'Wasp Network', Directed By Olivier Assayas And Starring Penélope Cruz, Hits Netflix In June

Wasp Network, a new film from director Olivier Assayas, is headed to Netflix next month. Assayas' film, which stars Penélope Cruz, follows Cuban spies in American territory during the 1990s, and had its premiere at last year's Venice Film Festival before playing again at the New York Film Festival. In between festival appearances, Assayas re-edited the film.
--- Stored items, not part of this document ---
lemma cp_weight_join_paths:
  assumes h: "h \<in> cp_paths b" and t: "t \<in> tails"
  shows "W (join_paths h t) = ennreal (cp_weight q b h) * ennreal (1 - q (h b) (Suc b)) * tail_weight t"
proof -
  let ?c = "join_paths h t"
  have cP: "?c \<in> P" and cb: "?c (Suc b) = Suc b"
    using join_mem_renewal_paths[OF h t] by (auto simp: renewal_paths_def)
  have "cp_weight q n ?c = (\<Prod>i\<in>{1..b}. cp_trans q ?c i) * (\<Prod>i\<in>{Suc b..n}. cp_trans q ?c i)"
    using cp_weight_eq_prod_cp_trans[OF cP] prod_split_at_renewal by simp
  also have "(\<Prod>i\<in>{1..b}. cp_trans q ?c i) = cp_weight q b h"
    unfolding cp_weight_eq_prod_cp_trans[OF h] by (rule prod.cong) (auto simp: cp_trans_def join_paths_def)
  also have "(\<Prod>i\<in>{Suc b..n}. cp_trans q ?c i) = cp_trans q ?c (Suc b) * (\<Prod>i\<in>{Suc (Suc b)..n}. cp_trans q ?c i)"
    using bn by (subst atLeastAtMost_insertL[symmetric]) auto
  also have "cp_trans q ?c (Suc b) = 1 - q (h b) (Suc b)"
    using cb by (simp add: cp_trans_def join_paths_def)
  also have "(\<Prod>i\<in>{Suc (Suc b)..n}. cp_trans q ?c i) = (\<Prod>i\<in>{Suc (Suc b)..n}. cp_trans q t i)"
    by (rule prod.cong) (auto simp: cp_trans_def join_paths_def)
  finally have w: "cp_weight q n ?c =
      cp_weight q b h * (1 - q (h b) (Suc b)) * (\<Prod>i\<in>{Suc (Suc b)..n}. cp_trans q t i)"
    by (simp add: mult_ac)
  have "0 \<le> cp_weight q b h"
    using cp_weight_nonneg[OF cp_trans_probs_mono[OF trans_probs] h] bn by simp
  moreover have "0 \<le> 1 - q (h b) (Suc b)"
    using trans_probs cp_pathsD(1)[OF h, of b] bn unfolding cp_trans_probs_def by auto
  moreover have "0 \<le> (\<Prod>i\<in>{Suc (Suc b)..n}. cp_trans q t i)"
  proof (rule prod_nonneg)
    fix i assume i: "i \<in> {Suc (Suc b)..n}"
    then have "cp_trans q t i = cp_trans q ?c i" by (auto simp: cp_trans_def join_paths_def)
    then show "0 \<le> cp_trans q t i" using cp_trans_nonneg[OF trans_probs cP, of i] i by auto
  qed
  ultimately show ?thesis unfolding w tail_weight_def by (simp add: ennreal_mult)
qed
According to VarietyWasp Network, starring Penélope Cruz, Édgar Ramírez, Wagner Moura, and Gael García Bernal, will hit Netflix on June 19. The film is based on the true story of the Cuban Five, "intelligence officers who were arrested in Florida in the '90s and later convicted of espionage and other illicit activities." The story focuses on René González (Ramirez), a Cuban pilot who leaves his wife and daughter behind to start a new life in Miami. After joining forces with a group of Cuban exiles in South Florida, known as the Wasp Network, he becomes part of a spy ring tasked with observing and infiltrating Cuban-American organizations against Fidel Castro."
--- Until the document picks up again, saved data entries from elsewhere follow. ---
lemma finite_field_even_card_imp_CHAR_2:
  assumes "even (card (UNIV :: 'a::{field,finite} set))"
  shows "CHAR('a) = 2"
proof -
  have "(-1 :: 'a) = 1"
    using finite_field_power_card_eq_self[of "-1 :: 'a"] assms by simp
  then have "of_nat 2 = (0 :: 'a)" by (simp add: eq_neg_iff_add_eq_0)
  then have "CHAR('a) dvd 2" by (simp only: of_nat_eq_0_iff_char_dvd)
  then show ?thesis
    using CHAR_not_1[where 'a = 'a] two_is_prime_nat unfolding prime_nat_iff by auto
qed

section \<open>The subfield fixed by the q-th power map\<close>

lemma subfield_q_zero: "0 < q \<Longrightarrow> 0 \<in> subfield_q q"
  by (simp add: subfield_q_def)

lemma subfield_q_one: "1 \<in> subfield_q q"
  by (simp add: subfield_q_def)

lemma subfield_q_mult:
  "x \<in> subfield_q q \<Longrightarrow> y \<in> subfield_q q \<Longrightarrow> (x * y :: 'a::field) \<in> subfield_q q"
  by (simp add: subfield_q_def power_mult_distrib)

lemma card_subfield_q_le:
  assumes "1 < q"
  shows "card (subfield_q q :: 'a::field set) \<le> q"
proof -
  define p :: "'a poly" where "p = monom 1 q + monom (- 1) 1"
  have "degree p = q"
    using assms unfolding p_def by (subst degree_add_eq_left) (simp_all add: degree_monom_eq)
  moreover from this have "p \<noteq> 0"
    using assms by auto
  ultimately have "card {x. poly p x = 0} \<le> q"
    using card_poly_roots_bound[of p] by simp
  moreover have "{x. poly p x = 0} = subfield_q q"
    by (auto simp: p_def subfield_q_def poly_monom)
  ultimately show ?thesis
    by simp
qed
I'm a fan of Olivier Assayas' work – Personal Shopper 4-life – but Wasp Network has had a bumpy road to the screen. In between the Venice Film Festival and the New York Film Festival, Assayas re-edited the film – and that re-edit apparently didn't make the movie better. The reactions out of NYFF were mixed, with  Marshall Shaffer, reviewing for /Film, writing:

With the exception of scoring some political points at the expense of American hypocrisy, courtesy of a Fidel Castro archival interview, it's unclear what exactly Assayas is going for by the end in Wasp Network. Was it just for this anti-imperialist stinger at the end? If so, then he probably should have seeded the message a little bit more throughout. Was it just to tell this story? If so, alright, a little out of character and very unexpected. Was it to push himself by shooting a tense thriller in a tough locale? If so, Assayas deserves credit for wanting to shoot the film in Cuba to bring authenticity to the project, but that cannot excuse how dull the finished product is. The complexity of a film's production and logistics, frankly, matter little when it comes to evaluating it.

Mixed reviews aside, I'll probably still check this out just because I tend to enjoy Assayas' films. Fingers crossed that I end up liking this more than some others.